RAG (Retrieval-Augmented Generation) is a technique where a model retrieves relevant information from a knowledge base (e.g. a vector store) and then generates an answer using that context.

Why use a vector database?
It enables semantic similarity search even when the query does not literally match the stored text.

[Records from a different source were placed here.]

lemma matrix_inv_Lmat:
  assumes "B \<inter> S = {}"
  shows "matrix_inv (Lmat X B S) = mat 1 - Lblock X B S"
proof (rule matrix_inv_unique)
  have "Lblock X B S ** Lblock X B S = 0"
    using assms by (intro Lblock_mult_Lblock) auto
  then show "Lmat X B S ** (mat 1 - Lblock X B S) = mat 1"
    and "(mat 1 - Lblock X B S) ** Lmat X B S = mat 1"
    by (simp_all add: Lmat_eq_mat_1_plus_Lblock[OF assms] matrix_add_ldistrib matrix_add_rdistrib
        matrix_diff_ldistrib matrix_diff_rdistrib)
qed

lemma ctrans_matrix_mult: "ctrans (X ** Y) = ctrans Y ** ctrans X"
  by (simp add: ctrans_def matrix_matrix_mult_def vec_eq_iff mult.commute)

lemma Lblock_factor_mult_row:
  assumes "a \<notin> B"
  shows "((mat 1 - Lblock X B S) ** Y) $ a $ b = Y $ a $ b"
proof -
  have "(mat 1 - Lblock X B S) $ a $ k * Y $ k $ b = (if a = k then Y $ k $ b else 0)" for k
    using assms by (simp add: Lblock_def mat_def)
  then show ?thesis
    by (simp add: matrix_matrix_mult_def)
qed

lemma mult_ctrans_Lblock_factor_col:
  assumes "b \<notin> B"
  shows "(Y ** ctrans (mat 1 - Lblock X B S)) $ a $ b = Y $ a $ b"
proof -
  have "Y $ a $ k * ctrans (mat 1 - Lblock X B S) $ k $ b = (if b = k then Y $ a $ k else 0)" for k
    using assms by (simp add: Lblock_def mat_def ctrans_def)
  then show ?thesis
    by (simp add: matrix_matrix_mult_def)
qed

lemma Lblock_factors_commute:
  assumes "S1 \<inter> B2 = {}" "S2 \<inter> B1 = {}"
  shows "(mat 1 - Lblock X1 B1 S1) ** (mat 1 - Lblock X2 B2 S2)
       = (mat 1 - Lblock X2 B2 S2) ** (mat 1 - Lblock X1 B1 S1)"
  using Lblock_mult_Lblock[OF assms(1), of X1 B1 X2 S2] Lblock_mult_Lblock[OF assms(2), of X2 B2 X1 S1]
  by (simp add: matrix_diff_ldistrib matrix_diff_rdistrib algebra_simps)

definition block_step :: "'n set \<Rightarrow> 'n set \<Rightarrow>
    (complex ^'n ^'n) \<times> (complex ^'n ^'n) \<Rightarrow> (complex ^'n ^'n) \<times> (complex ^'n ^'n)" where
  "block_step B S st =
     (let L = mat 1 - Lblock (fst st) B S in (L ** fst st, L ** snd st ** ctrans L))"

lemma elim_step_eq_block_step:
  "bnd A g \<inter> priv A t g = {} \<Longrightarrow> elim_step A t st g = block_step (bnd A g) (priv A t g) st"
  unfolding elim_step_def block_step_def by (simp add: matrix_inv_Lmat)

definition agree_on :: "'n set \<Rightarrow>
    (complex ^'n ^'n) \<times> (complex ^'n ^'n) \<Rightarrow> (complex ^'n ^'n) \<times> (complex ^'n ^'n) \<Rightarrow> bool" where
  "agree_on g s1 s2 \<longleftrightarrow>
     (\<forall>a\<in>g. \<forall>b\<in>g. fst s1 $ a $ b = fst s2 $ a $ b \<and> snd s1 $ a $ b = snd s2 $ a $ b)"

lemma block_step_agree_on_disjoint:
  assumes "B \<inter> g = {}"
  shows "agree_on g (block_step B S st) st"
  unfolding agree_on_def
proof (intro ballI)
  fix a b assume "a \<in> g" "b \<in> g"
  with assms have "a \<notin> B" "b \<notin> B" by auto
  then show "fst (block_step B S st) $ a $ b = fst st $ a $ b \<and>
      snd (block_step B S st) $ a $ b = snd st $ a $ b"
    by (simp add: block_step_def Let_def Lblock_factor_mult_row mult_ctrans_Lblock_factor_col)
qed

lemma matrix_mult_row_cong:
  assumes "\<And>k. k \<notin> g \<Longrightarrow> M $ a $ k = 0" and "\<And>k. k \<in> g \<Longrightarrow> X $ k $ b = X' $ k $ b"
  shows "(M ** X) $ a $ b = (M ** X') $ a $ b"
  unfolding matrix_matrix_mult_def using assms by (auto intro!: sum.cong) (metis mult_zero_left)

lemma matrix_mult_ctrans_col_cong:
  assumes "\<And>k. k \<notin> g \<Longrightarrow> M $ b $ k = 0" and "\<And>k. k \<in> g \<Longrightarrow> X $ a $ k = X' $ a $ k"
  shows "(X ** ctrans M) $ a $ b = (X' ** ctrans M) $ a $ b"
  unfolding matrix_matrix_mult_def ctrans_def using assms
  by (auto intro!: sum.cong) (metis complex_cnj_zero mult_zero_right)

lemma block_step_agree_on:
  assumes "B \<subseteq> g" "S \<subseteq> g" and agree: "agree_on g s1 s2"
  shows "agree_on g (block_step B S s1) (block_step B S s2)"
proof -
  define L where "L = mat 1 - Lblock (fst s2) B S"
  have L1: "Lblock (fst s1) B S = Lblock (fst s2) B S"
    using assms by (intro Lblock_cong) (auto simp: agree_on_def subset_iff)
  have L_local: "L $ a $ k = 0" if "a \<in> g" "k \<notin> g" for a k
    using that \<open>S \<subseteq> g\<close> by (auto simp: L_def Lblock_def mat_def)
  have fst: "(L ** fst s1) $ a $ b = (L ** fst s2) $ a $ b"
    and snd: "(L ** snd s1) $ a $ b = (L ** snd s2) $ a $ b" if "a \<in> g" "b \<in> g" for a b
    using that agree by (auto simp: agree_on_def intro!: matrix_mult_row_cong L_local)
  have "(L ** snd s1 ** ctrans L) $ a $ b = (L ** snd s2 ** ctrans L) $ a $ b"
    if "a \<in> g" "b \<in> g" for a b
    using that by (auto intro!: matrix_mult_ctrans_col_cong L_local snd)
  with fst show ?thesis
    unfolding agree_on_def block_step_def Let_def L1 L_def[symmetric] by simp
qed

How to reduce hallucinations?
- Constrain the

[3] source=langchain_notes
Quick Notes: LangChain (example)

Typical components in a RAG pipeline:
1) Loader  2) Splitter  3) Embeddings  4) Vector store  5) Retriever  6) LLM

B

### Question 2 - Not answerable from context

I now ask something that is **not** present in the indexed documents. The model should decline to answer rather than hallucinate, thanks to my system prompt constraint.

In [23]:
question2 = "What is the support phone number?"
answer2 = rag_chain.invoke(question2)

print("QUESTION:", question2)
print("ANSWER:", answer2)

QUESTION: What is the support phone number?
ANSWER: I don't know based on the available context.


## Summary

In this notebook I built a full RAG pipeline:

| Step | Component | Tool |
|------|-----------|------|
| Document preparation | Inline `Document` objects | `langchain_core` |
| Chunking | `RecursiveCharacterTextSplitter` | `langchain_text_splitters` |
| Embedding | `GoogleGenerativeAIEmbeddings` (`gemini-embedding-001`, 768 dims) | `langchain_google_genai` |
| Vector storage and retrieval | `PineconeVectorStore` | `langchain_pinecone` |
| Answer generation | `ChatGroq` (`llama-3.3-70b-versatile`) via LCEL | `langchain_groq` |

I constrained the LLM to answer **only** from the retrieved context, which helps reduce hallucinations.